Why Should You Register as an S Corporation ( S Corp)?

S companies, which combine the advantages of corporations with the tax advantages of partnerships, might be the best of both worlds for a small firm.
S corporations specifically provide the corporate structure’s limited liability protection, which prevents access to an owner’s personal assets by business creditors or litigants making claims against the firm. They do not, however, pay corporate taxes on any earnings or income they produce, unlike partnerships. In the event that the owners’ pay is set up as a salary or stock dividend, they may also assist in avoiding self-employment tax.
S companies are a popular legal structure that is suggested for small businesses.

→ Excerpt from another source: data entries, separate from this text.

(* For every frame $\mathcal{F}=\langle S,R\rangle$, $\mathcal{F}\vDash \bullet q\land\Delta p\land\circ(\neg q\to p)\to\circ(\neg q\to\circ(\neg r\to p))$ (for distinct propositional variables $p,q,r$) if and only if $R$ is transitive.
   Context: Fix a nonempty set $\mathbf{P}$ of propositional variables (containing distinct $p,q,r$). $\mathcal{L}(\nabla,\bullet)$: $\phi::=p\mid\neg\phi\mid\phi\land\phi\mid\nabla\phi\mid\bullet\phi$; $\Delta\phi:=\neg\nabla\phi$, $\circ\phi:=\neg\bullet\phi$. A frame is $\langle S,R\rangle$ with $S\neq\emptyset$, $R\subseteq S\times S$; a model based on it adds $V:\mathbf{P}\to\mathcal{P}(S)$. Truth: $\mathcal{M},s\vDash\nabla\phi$ iff there are $t,u$ with $sRt$, $sRu$, $\mathcal{M},t\vDash\phi$, $\mathcal{M},u\nvDash\phi$; $\mathcal{M},s\vDash\bullet\phi$ iff $\mathcal{M},s\vDash\phi$ and there is $t$ with $sRt$, $\mathcal{M},t\nvDash\phi$. $\mathcal{F}\vDash\phi$ means $\phi$ is true at every state of every model based on $\mathcal{F}$. *)

theory Defs
  imports Main
begin

datatype 'p form =
    Atom 'p
  | Neg "'p form"
  | Conj "'p form" "'p form"
  | Nabla "'p form"
  | Bullet "'p form"

definition Delta :: "'p form \<Rightarrow> 'p form" where
  "Delta \<phi> = Neg (Nabla \<phi>)"

definition Circ :: "'p form \<Rightarrow> 'p form" where
  "Circ \<phi> = Neg (Bullet \<phi>)"

definition Imp :: "'p form \<Rightarrow> 'p form \<Rightarrow> 'p form" where
  "Imp \<phi> \<psi> = Neg (Conj \<phi> (Neg \<psi>))"

definition is_frame :: "'s set \<Rightarrow> ('s \<times> 's) set \<Rightarrow> bool" where
  "is_frame S R \<longleftrightarrow> S \<noteq> {} \<and> R \<subseteq> S \<times> S"

fun sat :: "('s \<times> 's) set \<Rightarrow> ('p \<Rightarrow> 's set) \<Rightarrow> 's \<Rightarrow> 'p form \<Rightarrow> bool" where
  "sat R V s (Atom p) = (s \<in> V p)"
| "sat R V s (Neg \<phi>) = (\<not> sat R V s \<phi>)"
| "sat R V s (Conj \<phi> \<psi>) = (sat R V s \<phi> \<and> sat R V s \<psi>)"
| "sat R V s (Nabla \<phi>) =
     (\<exists>t u. (s, t) \<in> R \<and> (s, u) \<in> R \<and> sat R V t \<phi> \<and> \<not> sat R V u \<phi>)"
| "sat R V s (Bullet \<phi>) = (sat R V s \<phi> \<and> (\<exists>t. (s, t) \<in> R \<and> \<not> sat R V t \<phi>))"

definition frame_valid :: "'s set \<Rightarrow> ('s \<times> 's) set \<Rightarrow> 'p form \<Rightarrow> bool" where
  "frame_valid S R \<phi> \<longleftrightarrow>
     (\<forall>V :: 'p \<Rightarrow> 's set. (\<forall>x. V x \<subseteq> S) \<longrightarrow> (\<forall>s\<in>S. sat R V s \<phi>))"

end

theory Submission
  imports Defs
begin

text \<open>If the antecedent holds at s, then s has a successor refuting q, which must satisfy p;
  since p is non-contingent at s, every successor satisfies p. Under transitivity every
  two-step successor is then a successor, so it satisfies p and hence the consequent holds.
  Conversely, if s R u R w but not s R w, make q true only at s, p true exactly at the
  successors of s and r nowhere: the antecedent holds at s, while at u the formula
  \<not>r \<rightarrow> p holds but is accidentally true, because it fails at w.\<close>

definition transitivity_formula :: "'p form \<Rightarrow> 'p form \<Rightarrow> 'p form \<Rightarrow> 'p form" where
  "transitivity_formula \<phi> \<psi> \<chi> =
     Imp (Conj (Conj (Bullet \<psi>) (Delta \<phi>)) (Circ (Imp (Neg \<psi>) \<phi>)))
         (Circ (Imp (Neg \<psi>) (Circ (Imp (Neg \<chi>) \<phi>))))"

lemma sat_Imp [simp]: "sat R V s (Imp \<phi> \<psi>) \<longleftrightarrow> (sat R V s \<phi> \<longrightarrow> sat R V s \<psi>)"
  by (simp add: Imp_def)

lemma sat_Delta [simp]:
  "sat R V s (Delta \<phi>) \<longleftrightarrow>
     (\<forall>t. (s, t) \<in> R \<longrightarrow> sat R V t \<phi>) \<or> (\<forall>t. (s, t) \<in> R \<longrightarrow> \<not> sat R V t \<phi>)"
  by (auto simp: Delta_def)

lemma sat_Circ [simp]:
  "sat R V s (Circ \<phi>) \<longleftrightarrow> (sat R V s \<phi> \<longrightarrow> (\<forall>t. (s, t) \<in> R \<longrightarrow> sat R V t \<phi>))"
  by (auto simp: Circ_def)

lemma successors_sat_if_antecedent:
  assumes "sat R V s (Conj (Conj (Bullet \<psi>) (Delta \<phi>)) (Circ (Imp (Neg \<psi>) \<phi>)))"
    and "(s, t) \<in> R"
  shows "sat R V t \<phi>"
proof -
  from assms(1) obtain u where "(s, u) \<in> R" and "\<not> sat R V u \<psi>"
    by auto
  with assms show ?thesis
    by auto
qed

lemma sat_transitivity_formula_if_trans:
  assumes "trans R"
  shows "sat R V s (transitivity_formula \<phi> \<psi> \<chi>)"
  unfolding transitivity_formula_def sat_Imp
proof
  assume antecedent: "sat R V s (Conj (Conj (Bullet \<psi>) (Delta \<phi>)) (Circ (Imp (Neg \<psi>) \<phi>)))"
  have "sat R V u (Circ (Imp (Neg \<chi>) \<phi>))" if "(s, u) \<in> R" for u
    using successors_sat_if_antecedent[OF antecedent] transD[OF assms that] by simp
  then show "sat R V s (Circ (Imp (Neg \<psi>) (Circ (Imp (Neg \<chi>) \<phi>))))"
    by simp
qed

lemma trans_if_frame_valid_transitivity_formula:
  assumes "is_frame S R" and "p \<noteq> q" and "p \<noteq> r" and "q \<noteq> r"
    and valid: "frame_valid S R (transitivity_formula (Atom p) (Atom q) (Atom r))"
  shows "trans R"
proof (rule transI, rule ccontr)
  fix s u w
  assume su: "(s, u) \<in> R" and uw: "(u, w) \<in> R" and sw: "(s, w) \<notin> R"
  define V where "V x = (if x = p then R `` {s} else if x = q then {s} else {})" for x
  have "s \<in> S" and "\<forall>x. V x \<subseteq> S"
    using \<open>is_frame S R\<close> su by (auto simp: is_frame_def V_def)
  with valid have sat_s: "sat R V s (transitivity_formula (Atom p) (Atom q) (Atom r))"
    by (auto simp: frame_valid_def)
  have V: "V p = R `` {s}" "V q = {s}" "V r = {}"
    using assms(2-4) by (auto simp: V_def)
  have "u \<noteq> s"
    using uw sw by auto
  with su have "sat R V s (Conj (Conj (Bullet (Atom q)) (Delta (Atom p)))
                                (Circ (Imp (Neg (Atom q)) (Atom p))))"
    by (auto simp: V)
  moreover have "\<not> sat R V u (Circ (Imp (Neg (Atom r)) (Atom p)))"
    using su uw sw by (auto simp: V)
  ultimately show False
    using sat_s su \<open>u \<noteq> s\<close> by (simp add: transitivity_formula_def V) blast
qed

theorem proposition5:
  fixes S :: "'s set" and R :: "('s \<times> 's) set" and p q r :: 'p
  assumes "is_frame S R"
    and "p \<noteq> q" and "p \<noteq> r" and "q \<noteq> r"
  shows "frame_valid S R
           (Imp (Conj (Conj (Bullet (Atom q)) (Delta (Atom p)))
                      (Circ (Imp (Neg (Atom q)) (Atom p))))
                (Circ (Imp (Neg (Atom q)) (Circ (Imp (Neg (Atom r)) (Atom p))))))
         \<longleftrightarrow> trans R"
proof -
  have "frame_valid S R (transitivity_formula (Atom p) (Atom q) (Atom r)) \<longleftrightarrow> trans R"
    using trans_if_frame_valid_transitivity_formula[OF assms]
      sat_transitivity_formula_if_trans
    by (auto simp: frame_valid_def)
  then show ?thesis
    unfolding transitivity_formula_def .
qed

end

They offer limited liability protections for companies along with the tax benefits of partnerships. They are less complicated to set up and keep in operation than standard C corporations, serving as a sort of “corporate lite” form.
S corporations must follow many of the rules and pay many of the fees associated with traditional corporations, beginning with the fees and formalities for incorporation. They require more time and money to set up and manage than LLCs, another common small-business structure.
Although helpful for rapidly expanding businesses, they are nevertheless subject to specific IRS limits on their size and stockholders, which may ultimately restrain their growth. The good news is that, should business circumstances let it, an S corp can convert to C corp status rather easily.